第六章 嵐の前夜

第6話 1/2/3/4

ナトゥーは巻物を巻き戻して、紐で結んだ後、肩の防具の隙間に隠しておいた。その時、警備兵たちのうめき声が聞こえた。振り向いて外を見ると、つい先程までお酒を呑みながら騒いでいた警備兵2人が地面に倒れていた。

その後ろに、黒い仮面を被った人影が目に入った。彼は倒れた警備兵に近づいて腰から鍵を奪い、ナトゥーが閉じこめられている監獄に近づいて来た。ナトゥーは腰に帯びている剣の柄を握り締めた。

黒い仮面の人はそれを見られなかったのか、見て見ないふりをしたのか、ナトゥーの監獄の扉を開けてくれた。
警戒しているナトゥーに彼は手招きをして、外へ呼び出した。ナトゥーはまだ片手で剣の柄を握ったまま監獄の外に出た。黒い仮面を被った人はナトゥーが剣を握っているのを見たが、何も言わずに出口へと歩き出した。

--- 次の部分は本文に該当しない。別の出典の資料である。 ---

(* Let $L$ be a homogeneous Lévy basis on $\mathbb{R}^k$ whose associated infinitely divisible law $\mu$ (with triplet $(\gamma,b,\nu)$) is not $\delta_0$. Let $T$ and $\tilde T$ be non-negative Lévy bases on $\mathbb{R}^k$ with continuous control measures, each independent of $L$, and let $L_T$, $L_{\tilde T}$ be the corresponding subordinated Lévy bases. If $L_T\overset{d}{=}L_{\tilde T}$ (equality of finite-dimensional laws as random fields indexed by bounded Borel sets), then $T\overset{d}{=}\tilde T$.
   Context: A Lévy basis on $\mathbb{R}^k$ is a family $\{L(A):A\in\mathcal{B}_b(\mathbb{R}^k)\}$ (bounded Borel sets) of random variables which is independently scattered (values on disjoint sets are independent, and $L(\cup_n A_n)=\sum_n L(A_n)$ a.s. for disjoint $A_n$ with bounded union) and such that each $L(A)$ is infinitely divisible. It has a characteristic quadruplet $(\gamma(s),b(s),\nu(s,\cdot),c)$ with $\log\mathbb{E}e^{izL(A)}=\int_A\psi(z,s)c(ds)$, $\psi(z,s)=iz\gamma(s)-\frac12b(s)z^2+\int(e^{izx}-1-izx\mathbf 1_{\{|x|\le1\}})\nu(s,dx)$; $c$ is the control measure. $L$ is homogeneous with triplet $(\gamma,b,\nu)$ if these do not depend on $s$ and $c$ is Lebesgue measure, in which case $L(A)\sim\mu^{\mathrm{Leb}(A)}$ where $\mu$ is the ID law of $(\gamma,b,\nu)$ and $\mu^t$ has characteristic function $\hat\mu^{\,t}$. A non-negative Lévy basis $T$ (with continuous control measure) is one for which almost surely $T(\omega,\cdot)$ is a measure; it can be extended to all Borel sets. Subordination: for almost every $\omega$, $T(\omega,\cdot)$ is a measure finite on bounded sets and (assumed) vanishing on $\{x:x_i=0\text{ for some }i\}$, so there is a measurable $\phi_\omega:\mathbb{R}^k\to\mathbb{R}^k$ with $T(\omega,A)=\mathrm{Leb}(\phi_\omega^{-1}(A))$; with the meta-time $\varphi(\omega,A)=\phi_\omega^{-1}(A)$, define $L_T(\omega,A)=L(\omega,\varphi(\omega,A))$ for $A\in\mathcal{B}_b(\mathbb{R}^k)$. Then $L_T$ is a Lévy basis with $\mathcal{L}(L_T(A)\mid T)=\mu^{T(A)}$. *)

theory Defs
  imports "HOL-Probability.Probability"
begin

ナトゥーも彼の後を追って出口に向かった。長くて暗い螺旋階段を上がると、狭くて向こうが見えない廊下が目の前に現れた。壁にかけられたたいまつが闇を照らし、その下に倒れているダークエルフの警備兵たちがところどころに見えた。

「貴方は誰だ。俺をどこに連れていくつもりか。」

ナトゥーの質問に何も答えることなく、黒い仮面を被った人は前へ進んで行くだけだった。先の見えない廊下がどこへ向かっているかは分からなかったが、監獄に閉じ込められているよりは得体の知らない人にでも付いて行ったほうがまだましだとナトゥーは考えた。

しばらく無口で歩いていた仮面の人はあるたいまつの下に止まり、スタッフを使ってたいまつを触った。すると冷たい石だった壁が溶け落ちるようになって、すぐ大きな穴となった。黒い仮面の人は穴の中に入って姿を消した。

魔法と言うもの自体に拒絶感を抱いていたナトゥーは魔法で作られた穴を見て、少し戸惑いはしたものの、深呼吸をして穴の中へ足を踏み出した。穴を通過したのは一瞬だった。いつの間にか月の光に染まって仄かに光る白い樹木が周りを囲んでいた。

‘外に出たのか?’

周囲を見回すナトゥーの後から黒い仮面の人の冷たい声が聞こえた。